Caroline holds her hand over her mouth, stifling a cry. She is remembering Becca’s shocked face when she told her.

“Her cousin?” Sarah says, still seeming confused.

“Her father was Jack’s uncle,” Caroline says quietly. “Nick.” She covers her face with her hands. “I wasn’t able tell her how pure our love was, nothing at all like what she must have been thinking. She pushed me with all her might, called me every vile name you can think of. Told me she hated me. Then she ran off, and it wasn’t until later, when Elvina showed up, that I knew Becca didn’t even want to say goodbye. She never wanted to see me again. And I could hardly blame her. I turned the whole truth of her life on its head.”

In the hallway, the wheels of a cart clatter by as an aide pushes it from room to room, handing out fresh pitchers of water.

There. It’s done. I’m finally free of it.

“So Eldon found out Becca wasn’t his child,” Sarah says.

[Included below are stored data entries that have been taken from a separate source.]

(* Let $k_1>k_2>0$ be integers and $p=\frac{k_1}{k_1+k_2}$. Then, as $t\to\infty$ through the positive integers, $$\lim_{t\to\infty}\sum_{i=0}^\infty\binom{tk_1+tk_2+2i}{tk_1+i}p^{tk_1+i}(1-p)^{tk_2+i}=\frac{1/4}{p-\frac12}.$$ *)

theory Defs
  imports "HOL-Analysis.Analysis"
begin

end

theory Submission
  imports Defs "HOL-Real_Asymp.Real_Asymp"
begin

(* Write q = 1 - p, a = t k1 and b = t k2.  The i-th summand is the probability that the simple
   random walk with up-probability p is at height a - b after a + b + 2i steps, so the series is
   the expected number of visits to that height.  Conditioning on the first a + b steps, of which
   X ~ Bin(a + b, p) go up, and using that a walk started at height h visits h + 2e, resp. h - 2e,
   on average 1/(2p - 1), resp. (q/p)^(2e)/(2p - 1), times, the series equals
     (P(X <= a) + sum_(k > a) P(X = k) (q/p)^(2(k - a))) / (2p - 1).
   Since p = a/(a + b), the binomial mean a is an integer and a mode.  The remaining sum is at most
   P(X = a)/(1 - (q/p)^2) = O(1/sqrt b), and P(X <= a) -> 1/2: consecutive ratios show
   P(X = a + k) ~ P(X = a - k) uniformly for k <= b^(3/5), and Chebyshev bounds the rest. *)

section \<open>Expected visits of a biased random walk\<close>

lemma central_binomial_Suc: "(2 * Suc j) choose Suc j = 2 * ((2*j+1) choose j)"
proof -
  have "(2 * Suc j) choose Suc j = ((2*j+1) choose j) + ((2*j+1) choose Suc j)"
    by simp
  moreover have "(2*j+1) choose Suc j = (2*j+1) choose j"
    using binomial_symmetric[of j "2*j+1"] by simp
  ultimately show ?thesis by simp
qed

lemma gbinomial_minus_half: "((-1/2::real) gchoose j) * (-4)^j = real ((2*j) choose j)"
proof (induction j)
  case 0
  show ?case by simp
next
  case (Suc j)
  have "Suc j * (2*j+1 choose Suc j) = (2*j+1) * (2*j choose j)"
    using Suc_times_binomial[of j "2*j"] by simp
  moreover have "(2*j+1 choose Suc j) = (2*j+1 choose j)"
    using binomial_symmetric[of j "2*j+1"] by simp
  ultimately have "Suc j * ((2 * Suc j) choose Suc j) = 2 * ((2*j+1) * (2*j choose j))"
    unfolding central_binomial_Suc by (simp only: mult.left_commute[of "Suc j"])
  then have "Suc j * ((2 * Suc j) choose Suc j) = (4*j+2) * ((2*j) choose j)"
    by simp
  then have rec: "real (Suc j) * real ((2 * Suc j) choose Suc j) = (4 * real j + 2) * real ((2*j) choose j)"
    by (metis of_nat_mult of_nat_Suc of_nat_add of_nat_numeral)
  have "((-1/2::real) gchoose Suc j) * (-4)^Suc j
        = ((-1/2::real) gchoose j) * (-4)^j * ((4 * real j + 2) / (real j + 1))"
    by (simp add: gbinomial_Suc_rec field_simps)
  also have "\<dots> = real ((2*j) choose j) * ((4 * real j + 2) / (real j + 1))"
    by (simp only: Suc.IH)
  also have "\<dots> = real ((2 * Suc j) choose Suc j)"
    using rec by (simp del: binomial_Suc_Suc add: field_simps)
  finally show ?case .
qed

lemma central_binomial_sums:
  fixes x :: real
  assumes "\<bar>x\<bar> < 1/4"
  shows "(\<lambda>j. real ((2*j) choose j) * x^j) sums (1 / sqrt (1 - 4*x))"
proof -
  have "(\<lambda>j. ((-1/2) gchoose j) * (-4*x)^j) sums ((1 + -4*x) powr (-1/2))"
    using assms by (intro gen_binomial_real) simp
  moreover have "((-1/2) gchoose j) * (-4*x)^j = real ((2*j) choose j) * x^j" for j
  proof -
    have "((-1/2) gchoose j) * (-4*x)^j = (((-1/2) gchoose j) * (-4)^j) * x^j"
      by (simp only: power_mult_distrib mult.assoc)
    then show ?thesis by (simp only: gbinomial_minus_half)
  qed
  moreover have "(1 + -4*x) powr (-1/2) = 1 / sqrt (1 - 4*x)"
    using assms by (simp add: powr_minus_divide powr_half_sqrt)
  ultimately show ?thesis by simp
qed

(* walk_at p d j is the probability that the p-biased walk is at height d after 2j + d steps, so its
   sum over j is the expected number of visits to d.  For p > 1/2 this is 1/(2p - 1) for every
   d >= 0: the cases d = 0, 1 come from the central binomial series, and walk_at_suminf_rec
   propagates them. *)
definition walk_at :: "real \<Rightarrow> nat \<Rightarrow> nat \<Rightarrow> real" where
  "walk_at p d j = real ((2*j+d) choose j) * p^(j+d) * (1-p)^j"

lemma summable_walk_at:
  assumes "0 \<le> p" "p \<le> 1" "p \<noteq> 1/2"
  shows "summable (walk_at p d)"
proof (rule summable_comparison_test')
  have "4*p*(1-p) < 1"
  proof -
    have "0 < (2*p-1)^2" using assms by simp
    then show ?thesis by (simp add: power2_eq_square algebra_simps)
  qed
  then show "summable (\<lambda>j. (2*p)^d * (4*p*(1-p))^j)"
    using assms by (intro summable_mult summable_geometric) simp
next
  fix j
  have "real ((2*j+d) choose j) \<le> 2^(2*j+d)"
    using binomial_le_pow2[of "2*j+d" j] by (metis of_nat_le_iff of_nat_numeral of_nat_power)
  then have "real ((2*j+d) choose j) * (p^(j+d) * (1-p)^j) \<le> 2^(2*j+d) * (p^(j+d) * (1-p)^j)"
    using assms by (intro mult_right_mono) auto
  also have "\<dots> = (2*p)^d * (4*p*(1-p))^j"
    by (simp add: power_add power_mult_distrib power_mult)
  finally show "norm (walk_at p d j) \<le> (2*p)^d * (4*p*(1-p))^j"
    using assms by (simp add: walk_at_def mult.assoc)
qed

lemma walk_at_0_sums:
  assumes "1/2 < p" "p < 1"
  shows "walk_at p 0 sums (1/(2*p-1))"
proof -
  have square: "1 - 4*(p*(1-p)) = (2*p-1)^2"
    by (simp add: power2_eq_square algebra_simps)
  moreover have "0 < (2*p-1)^2"
    using assms by simp
  ultimately have "p*(1-p) < 1/4"
    by linarith
  moreover have "0 < p*(1-p)"
    using assms by simp
  ultimately have "\<bar>p*(1-p)\<bar> < 1/4"
    by simp
  moreover have "sqrt (1 - 4*(p*(1-p))) = 2*p-1"
    using assms by (simp add: square)
  moreover have "walk_at p 0 = (\<lambda>j. real ((2*j) choose j) * (p*(1-p))^j)"
    by (simp add: fun_eq_iff walk_at_def power_mult_distrib)
  ultimately show ?thesis
    using central_binomial_sums[of "p*(1-p)"] by simp
qed

lemma walk_at_1_sums:
  assumes "1/2 < p" "p < 1"
  shows "walk_at p 1 sums (1/(2*p-1))"
proof -
  have "walk_at p 0 (Suc j) = 2*(1-p) * walk_at p 1 j" for j
    unfolding walk_at_def add_0_right central_binomial_Suc by (simp add: algebra_simps)
  moreover have "(\<lambda>j. walk_at p 0 (Suc j)) sums (1/(2*p-1) - 1)"
    using walk_at_0_sums[OF assms] sums_Suc_iff[of "walk_at p 0"] by (simp add: walk_at_def)
  ultimately have "(\<lambda>j. 2*(1-p) * walk_at p 1 j) sums (1/(2*p-1) - 1)"
    by simp
  then have "(\<lambda>j. walk_at p 1 j) sums ((1/(2*p-1) - 1) / (2*(1-p)))"
    using assms by (simp add: sums_mult_D)
  moreover have "1/(2*p-1) - 1 = 2*(1-p) * (1/(2*p-1))"
    using assms by (simp add: field_simps)
  then have "(1/(2*p-1) - 1) / (2*(1-p)) = 1/(2*p-1)"
    using assms by simp
  ultimately show ?thesis by simp
qed

lemma walk_at_Suc_Suc:
  "walk_at p (Suc d) (Suc j) = p * walk_at p d (Suc j) + (1-p) * walk_at p (d+2) j"
proof -
  have "(2 * Suc j + Suc d) choose Suc j = ((2*j+(d+2)) choose j) + ((2 * Suc j + d) choose Suc j)"
    by simp
  then show ?thesis by (simp add: walk_at_def algebra_simps)
qed

lemma walk_at_suminf_rec:
  assumes "1/2 < p" "p < 1"
  shows "suminf (walk_at p (Suc d)) = p * suminf (walk_at p d) + (1-p) * suminf (walk_at p (d+2))"
proof -
  have summable: "summable (walk_at p e)" for e
    using assms by (intro summable_walk_at) auto
  have "(\<lambda>j. p * walk_at p d (Suc j) + (1-p) * walk_at p (d+2) j) sums
          (p * (suminf (walk_at p d) - walk_at p d 0) + (1-p) * suminf (walk_at p (d+2)))"
    using summable[of d] summable[of "d+2"]
    by (intro sums_add sums_mult) (auto simp: sums_Suc_iff summable_sums)
  then have "(\<lambda>j. walk_at p (Suc d) (Suc j)) sums
          (p * (suminf (walk_at p d) - walk_at p d 0) + (1-p) * suminf (walk_at p (d+2)))"
    by (simp only: walk_at_Suc_Suc)
  then have "walk_at p (Suc d) sums
          (p * (suminf (walk_at p d) - walk_at p d 0) + (1-p) * suminf (walk_at p (d+2)) + walk_at p (Suc d) 0)"
    by (simp only: sums_Suc_iff)
  moreover have "walk_at p (Suc d) 0 = p * walk_at p d 0"
    by (simp add: walk_at_def)
  ultimately show ?thesis
    by (simp add: sums_iff algebra_simps)
qed

lemma walk_at_sums:
  assumes "1/2 < p" "p < 1"
  shows "walk_at p d sums (1/(2*p-1))"
proof -
  have "suminf (walk_at p d) = 1/(2*p-1)"
  proof (induction d rule: less_induct)
    case (less d)
    consider "d = 0" | "d = 1" | e where "d = Suc (Suc e)"
      by (metis One_nat_def not0_implies_Suc)
    then show ?case
    proof cases
      case 3
      then have "suminf (walk_at p e) = 1/(2*p-1)" "suminf (walk_at p (Suc e)) = 1/(2*p-1)"
        using less.IH by auto
      then have "1/(2*p-1) = p * (1/(2*p-1)) + (1-p) * suminf (walk_at p (e+2))"
        using walk_at_suminf_rec[OF assms, of e] by simp
      moreover have "(1-p) * S = (1-p) * v" if "v = p * v + (1-p) * S" for S v :: real
        using that by (simp add: algebra_simps)
      ultimately have "(1-p) * suminf (walk_at p (e+2)) = (1-p) * (1/(2*p-1))"
        by blast
      then show ?thesis
        using \<open>d = Suc (Suc e)\<close> assms by (simp only: mult_cancel_left) simp
    qed (use walk_at_0_sums[OF assms] walk_at_1_sums[OF assms] in \<open>auto simp: sums_iff\<close>)
  qed
  then show ?thesis
    using assms by (simp add: sums_iff summable_walk_at)
qed

lemma walk_level_above_sums:
  assumes "1/2 < p" "p < 1"
  shows "(\<lambda>i. real ((2*i) choose (i+e)) * p^(i+e) * (1-p)^(i-e)) sums (1/(2*p-1))"
proof -
  have "real ((2*(j+e)) choose (j+e+e)) * p^(j+e+e) * (1-p)^(j+e-e) = walk_at p (2*e) j" for j
  proof -
    have "(2*j+2*e) choose j = (2*j+2*e) choose (j+2*e)"
      using binomial_symmetric[of j "2*j+2*e"] by simp
    moreover have "2*(j+e) = 2*j+2*e" "j+e+e = j+2*e" "j+e-e = j"
      by simp_all
    ultimately show ?thesis
      unfolding walk_at_def by (simp only:)
  qed
  then have "(\<lambda>j. real ((2*(j+e)) choose (j+e+e)) * p^(j+e+e) * (1-p)^(j+e-e)) sums (1/(2*p-1))"
    using walk_at_sums[OF assms] by simp
  then show ?thesis
    by (subst sums_zero_iff_shift[of e, symmetric]) auto
qed

lemma walk_level_below_sums:
  assumes "1/2 < p" "p < 1"
  shows "(\<lambda>i. real ((2*i) choose (i+e)) * p^(i-e) * (1-p)^(i+e)) sums (((1-p)/p)^(2*e) / (2*p-1))"
proof -
  have shift: "real ((2*i) choose (i+e)) * p^(i-e) * (1-p)^(i+e)
        = ((1-p)/p)^(2*e) * (real ((2*i) choose (i+e)) * p^(i+e) * (1-p)^(i-e))" for i
  proof (cases "e \<le> i")
    case True
    then obtain j where "i = j + e" using le_Suc_ex by (metis add.commute)
    then have "p^(i-e) = p^j" "(1-p)^(i+e) = (1-p)^j * (1-p)^(2*e)"
      "p^(i+e) = p^j * p^(2*e)" "(1-p)^(i-e) = (1-p)^j"
      by (simp_all add: power_add mult_2)
    then show ?thesis
      using assms by (simp add: power_divide field_simps)
  qed simp
  show ?thesis
    unfolding shift using sums_mult[OF walk_level_above_sums[OF assms, of e], of "((1-p)/p)^(2*e)"] by simp
qed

“I hoped he never would — Becca and I could have kept it between us if only I’d had time to explain — but she ran out. She must have gone straight to Eldon and told him. I stayed in the house the rest of that day, thinking eventually she’d cry herself out and come back. Eldon didn’t show up for supper either, but he came back just before dark. I was in my sewing room, keeping my hands busy, hemming a skirt. He grabbed me, picked up my shears from the sewing table and hacked off my hair. Threw it in clumps on the floor. Then he held the scissors against my throat — I thought he would kill me. He knew it all. About Nick. That Becca wasn’t his own daughter. And about Becca’s baby. I wasn’t fit to call myself a mother, he said, and he was sending Becca away. Then the next day, Jack showed up and told us he was prepared to marry her. Eldon pulled out his gun, told him he’d never see Becca again either.”

Silence fills the room.

“He punished me every day for the rest of his life,” Caroline finally says.

“How did you —?”

“Stay? Survive?” Caroline shakes her head. “What choice did I have? I had nowhere to go. And besides, every letter that came, every packet of mail, I was sure one day I’d find something from her. For the first few years, every time the phone rang, I raced for it, hoping I’d hear her voice. I stayed because I wanted to be there in the kitchen when she came through the door, to hug her, to hold her tight, to tell her I was so sorry.”

Caroline is exhausted. She can scarcely speak. “That’s all I really want. I want her to come home so I can explain. I want the chance to earn her forgiveness.”